● **EXERCISE DIRECTIONS**:
Take every line from the material that has the word "True" in it.

● **SUPPLIED RECORDS**:

....

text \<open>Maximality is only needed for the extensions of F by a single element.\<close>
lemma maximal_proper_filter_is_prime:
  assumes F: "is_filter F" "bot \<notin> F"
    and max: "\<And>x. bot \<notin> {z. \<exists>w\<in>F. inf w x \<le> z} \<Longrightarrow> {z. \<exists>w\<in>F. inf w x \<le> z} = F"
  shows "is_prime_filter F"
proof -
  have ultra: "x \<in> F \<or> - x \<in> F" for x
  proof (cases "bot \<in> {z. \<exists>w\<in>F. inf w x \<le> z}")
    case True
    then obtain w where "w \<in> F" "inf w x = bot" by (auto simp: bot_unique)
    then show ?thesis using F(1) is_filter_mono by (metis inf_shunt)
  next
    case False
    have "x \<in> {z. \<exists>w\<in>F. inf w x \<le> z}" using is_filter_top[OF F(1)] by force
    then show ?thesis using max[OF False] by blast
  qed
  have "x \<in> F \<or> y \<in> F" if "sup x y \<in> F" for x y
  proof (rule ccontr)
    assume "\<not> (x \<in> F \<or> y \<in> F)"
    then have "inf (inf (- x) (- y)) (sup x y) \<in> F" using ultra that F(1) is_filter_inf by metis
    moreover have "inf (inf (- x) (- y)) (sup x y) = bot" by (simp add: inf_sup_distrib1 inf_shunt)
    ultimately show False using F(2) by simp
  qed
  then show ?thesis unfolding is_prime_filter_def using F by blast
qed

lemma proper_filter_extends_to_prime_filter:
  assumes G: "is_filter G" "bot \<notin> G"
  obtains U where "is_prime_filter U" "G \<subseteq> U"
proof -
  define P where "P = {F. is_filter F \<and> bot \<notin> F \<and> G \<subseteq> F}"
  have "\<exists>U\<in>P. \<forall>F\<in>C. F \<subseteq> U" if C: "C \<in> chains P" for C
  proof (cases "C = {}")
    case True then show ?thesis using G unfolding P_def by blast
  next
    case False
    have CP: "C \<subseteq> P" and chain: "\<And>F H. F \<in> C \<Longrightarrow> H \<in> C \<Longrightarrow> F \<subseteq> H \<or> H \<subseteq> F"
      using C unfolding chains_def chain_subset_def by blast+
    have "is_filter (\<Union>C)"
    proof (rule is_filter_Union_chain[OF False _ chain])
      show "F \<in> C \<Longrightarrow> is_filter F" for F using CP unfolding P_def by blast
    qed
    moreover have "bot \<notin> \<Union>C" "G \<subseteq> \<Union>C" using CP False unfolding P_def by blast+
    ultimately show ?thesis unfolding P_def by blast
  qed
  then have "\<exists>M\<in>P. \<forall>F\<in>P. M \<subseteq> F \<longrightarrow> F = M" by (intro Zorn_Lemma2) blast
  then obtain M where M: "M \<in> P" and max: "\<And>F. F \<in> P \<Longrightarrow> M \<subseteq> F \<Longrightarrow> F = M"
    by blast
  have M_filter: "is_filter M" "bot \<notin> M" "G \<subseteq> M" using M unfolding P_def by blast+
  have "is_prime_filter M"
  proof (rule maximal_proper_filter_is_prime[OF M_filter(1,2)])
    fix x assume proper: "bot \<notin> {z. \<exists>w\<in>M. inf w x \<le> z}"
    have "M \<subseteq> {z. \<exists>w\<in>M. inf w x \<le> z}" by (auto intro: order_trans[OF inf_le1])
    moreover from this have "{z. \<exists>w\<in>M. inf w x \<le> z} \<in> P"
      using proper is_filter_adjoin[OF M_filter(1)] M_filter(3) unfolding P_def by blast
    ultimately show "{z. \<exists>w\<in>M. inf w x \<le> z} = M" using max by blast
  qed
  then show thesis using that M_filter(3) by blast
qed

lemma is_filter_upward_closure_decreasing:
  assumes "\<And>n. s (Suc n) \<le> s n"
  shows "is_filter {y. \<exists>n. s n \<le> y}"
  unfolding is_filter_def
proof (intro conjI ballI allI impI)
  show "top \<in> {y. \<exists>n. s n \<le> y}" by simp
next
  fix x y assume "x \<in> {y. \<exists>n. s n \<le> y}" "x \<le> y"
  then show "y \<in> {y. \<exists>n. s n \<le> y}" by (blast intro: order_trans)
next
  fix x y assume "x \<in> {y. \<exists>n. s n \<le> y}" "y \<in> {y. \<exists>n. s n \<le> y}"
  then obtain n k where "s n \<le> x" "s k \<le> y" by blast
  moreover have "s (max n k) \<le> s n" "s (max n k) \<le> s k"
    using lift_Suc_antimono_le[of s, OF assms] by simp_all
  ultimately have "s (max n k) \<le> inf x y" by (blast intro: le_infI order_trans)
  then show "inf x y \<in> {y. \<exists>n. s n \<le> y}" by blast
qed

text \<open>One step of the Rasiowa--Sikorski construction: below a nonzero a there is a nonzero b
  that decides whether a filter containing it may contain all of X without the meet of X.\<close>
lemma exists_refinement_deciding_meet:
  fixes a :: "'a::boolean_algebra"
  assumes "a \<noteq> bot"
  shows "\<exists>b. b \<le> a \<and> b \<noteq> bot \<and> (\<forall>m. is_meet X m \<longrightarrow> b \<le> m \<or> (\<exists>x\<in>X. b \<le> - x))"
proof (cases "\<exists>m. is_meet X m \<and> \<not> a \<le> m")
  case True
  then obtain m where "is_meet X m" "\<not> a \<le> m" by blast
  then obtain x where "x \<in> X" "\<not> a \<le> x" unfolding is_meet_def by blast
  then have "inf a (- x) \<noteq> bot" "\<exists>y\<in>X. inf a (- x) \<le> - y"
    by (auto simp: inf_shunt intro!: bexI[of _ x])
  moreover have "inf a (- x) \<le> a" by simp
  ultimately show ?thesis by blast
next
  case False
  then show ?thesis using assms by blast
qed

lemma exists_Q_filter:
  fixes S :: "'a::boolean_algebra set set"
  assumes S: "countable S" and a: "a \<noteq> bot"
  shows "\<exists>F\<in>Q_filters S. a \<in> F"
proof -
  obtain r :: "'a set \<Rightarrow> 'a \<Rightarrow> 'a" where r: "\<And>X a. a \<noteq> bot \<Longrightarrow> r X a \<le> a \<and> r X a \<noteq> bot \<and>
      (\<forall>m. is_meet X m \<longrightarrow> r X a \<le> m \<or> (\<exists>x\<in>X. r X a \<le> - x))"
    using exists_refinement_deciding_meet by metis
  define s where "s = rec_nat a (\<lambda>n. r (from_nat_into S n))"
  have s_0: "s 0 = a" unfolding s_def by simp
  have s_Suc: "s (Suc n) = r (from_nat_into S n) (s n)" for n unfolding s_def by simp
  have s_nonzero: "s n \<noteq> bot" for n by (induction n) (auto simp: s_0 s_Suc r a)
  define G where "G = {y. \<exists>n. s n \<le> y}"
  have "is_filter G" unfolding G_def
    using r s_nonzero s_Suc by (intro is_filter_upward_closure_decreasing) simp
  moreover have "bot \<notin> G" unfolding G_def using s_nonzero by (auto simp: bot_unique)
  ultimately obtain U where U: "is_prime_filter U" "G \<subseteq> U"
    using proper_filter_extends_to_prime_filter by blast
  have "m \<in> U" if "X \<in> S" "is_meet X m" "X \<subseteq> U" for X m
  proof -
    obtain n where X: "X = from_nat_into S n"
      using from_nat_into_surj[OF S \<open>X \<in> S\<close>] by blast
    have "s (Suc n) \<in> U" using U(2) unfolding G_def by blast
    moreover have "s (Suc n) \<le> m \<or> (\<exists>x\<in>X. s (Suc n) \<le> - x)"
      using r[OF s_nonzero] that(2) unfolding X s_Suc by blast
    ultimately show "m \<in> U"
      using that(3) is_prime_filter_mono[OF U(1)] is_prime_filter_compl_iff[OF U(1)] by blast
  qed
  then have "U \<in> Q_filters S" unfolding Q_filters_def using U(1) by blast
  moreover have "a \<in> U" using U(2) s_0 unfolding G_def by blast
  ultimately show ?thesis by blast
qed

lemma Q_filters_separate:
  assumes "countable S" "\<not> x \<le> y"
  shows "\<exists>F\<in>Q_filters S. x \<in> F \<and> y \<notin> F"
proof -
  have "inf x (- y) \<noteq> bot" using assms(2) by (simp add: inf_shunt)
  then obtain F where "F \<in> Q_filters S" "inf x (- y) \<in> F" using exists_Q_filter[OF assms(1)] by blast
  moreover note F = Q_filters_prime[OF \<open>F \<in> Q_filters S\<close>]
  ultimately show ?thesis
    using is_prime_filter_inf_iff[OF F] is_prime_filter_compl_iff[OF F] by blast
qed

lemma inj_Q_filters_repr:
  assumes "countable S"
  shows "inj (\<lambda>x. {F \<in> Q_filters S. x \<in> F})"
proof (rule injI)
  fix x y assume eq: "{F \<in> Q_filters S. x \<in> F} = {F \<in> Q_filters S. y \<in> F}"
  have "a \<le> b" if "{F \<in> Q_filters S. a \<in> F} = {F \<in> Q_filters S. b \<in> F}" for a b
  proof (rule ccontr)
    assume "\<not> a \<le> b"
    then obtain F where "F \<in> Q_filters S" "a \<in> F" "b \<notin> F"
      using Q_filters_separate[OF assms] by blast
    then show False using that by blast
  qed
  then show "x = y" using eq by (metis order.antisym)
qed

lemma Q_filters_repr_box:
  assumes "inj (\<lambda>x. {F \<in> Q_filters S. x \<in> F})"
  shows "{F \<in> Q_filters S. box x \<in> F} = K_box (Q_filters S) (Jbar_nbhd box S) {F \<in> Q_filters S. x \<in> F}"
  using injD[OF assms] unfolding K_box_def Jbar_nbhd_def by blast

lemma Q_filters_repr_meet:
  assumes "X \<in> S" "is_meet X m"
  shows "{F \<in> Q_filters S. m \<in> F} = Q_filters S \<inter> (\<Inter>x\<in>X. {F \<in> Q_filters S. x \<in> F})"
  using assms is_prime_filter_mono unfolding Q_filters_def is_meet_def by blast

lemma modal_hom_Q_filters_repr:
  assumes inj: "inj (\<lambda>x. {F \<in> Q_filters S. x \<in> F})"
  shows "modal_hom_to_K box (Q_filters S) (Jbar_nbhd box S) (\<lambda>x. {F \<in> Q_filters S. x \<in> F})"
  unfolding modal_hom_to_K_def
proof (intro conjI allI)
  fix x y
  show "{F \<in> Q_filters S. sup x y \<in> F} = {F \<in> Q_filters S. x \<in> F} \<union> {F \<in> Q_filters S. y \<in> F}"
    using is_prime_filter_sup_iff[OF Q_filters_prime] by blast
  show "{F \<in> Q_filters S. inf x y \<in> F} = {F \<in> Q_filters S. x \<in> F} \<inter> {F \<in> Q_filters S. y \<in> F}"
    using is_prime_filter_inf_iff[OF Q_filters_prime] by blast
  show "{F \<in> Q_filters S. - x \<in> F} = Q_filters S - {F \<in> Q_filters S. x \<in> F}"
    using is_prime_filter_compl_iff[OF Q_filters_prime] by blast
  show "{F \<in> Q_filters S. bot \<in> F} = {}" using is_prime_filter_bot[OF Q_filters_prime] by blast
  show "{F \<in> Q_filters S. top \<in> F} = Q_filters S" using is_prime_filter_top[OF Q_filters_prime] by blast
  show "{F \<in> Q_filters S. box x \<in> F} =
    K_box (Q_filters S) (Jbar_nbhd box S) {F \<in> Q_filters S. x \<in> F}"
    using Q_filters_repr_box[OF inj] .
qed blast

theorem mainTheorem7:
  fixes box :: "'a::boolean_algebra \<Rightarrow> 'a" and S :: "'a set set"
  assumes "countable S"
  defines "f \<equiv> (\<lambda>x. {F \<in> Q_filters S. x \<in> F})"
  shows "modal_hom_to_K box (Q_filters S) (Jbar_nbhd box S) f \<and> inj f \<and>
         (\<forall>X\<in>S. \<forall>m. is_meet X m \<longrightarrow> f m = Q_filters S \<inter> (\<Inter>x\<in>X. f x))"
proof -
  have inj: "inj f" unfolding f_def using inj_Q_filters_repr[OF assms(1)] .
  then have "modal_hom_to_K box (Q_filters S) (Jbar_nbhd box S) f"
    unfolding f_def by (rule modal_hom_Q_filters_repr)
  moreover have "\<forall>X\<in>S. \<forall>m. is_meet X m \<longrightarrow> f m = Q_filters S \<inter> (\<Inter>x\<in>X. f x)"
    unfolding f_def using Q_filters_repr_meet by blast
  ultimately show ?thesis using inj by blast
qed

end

....

● **RESULT OF THIS EXERCISE**:
    case True
    case True then show ?thesis using G unfolding P_def by blast
  case True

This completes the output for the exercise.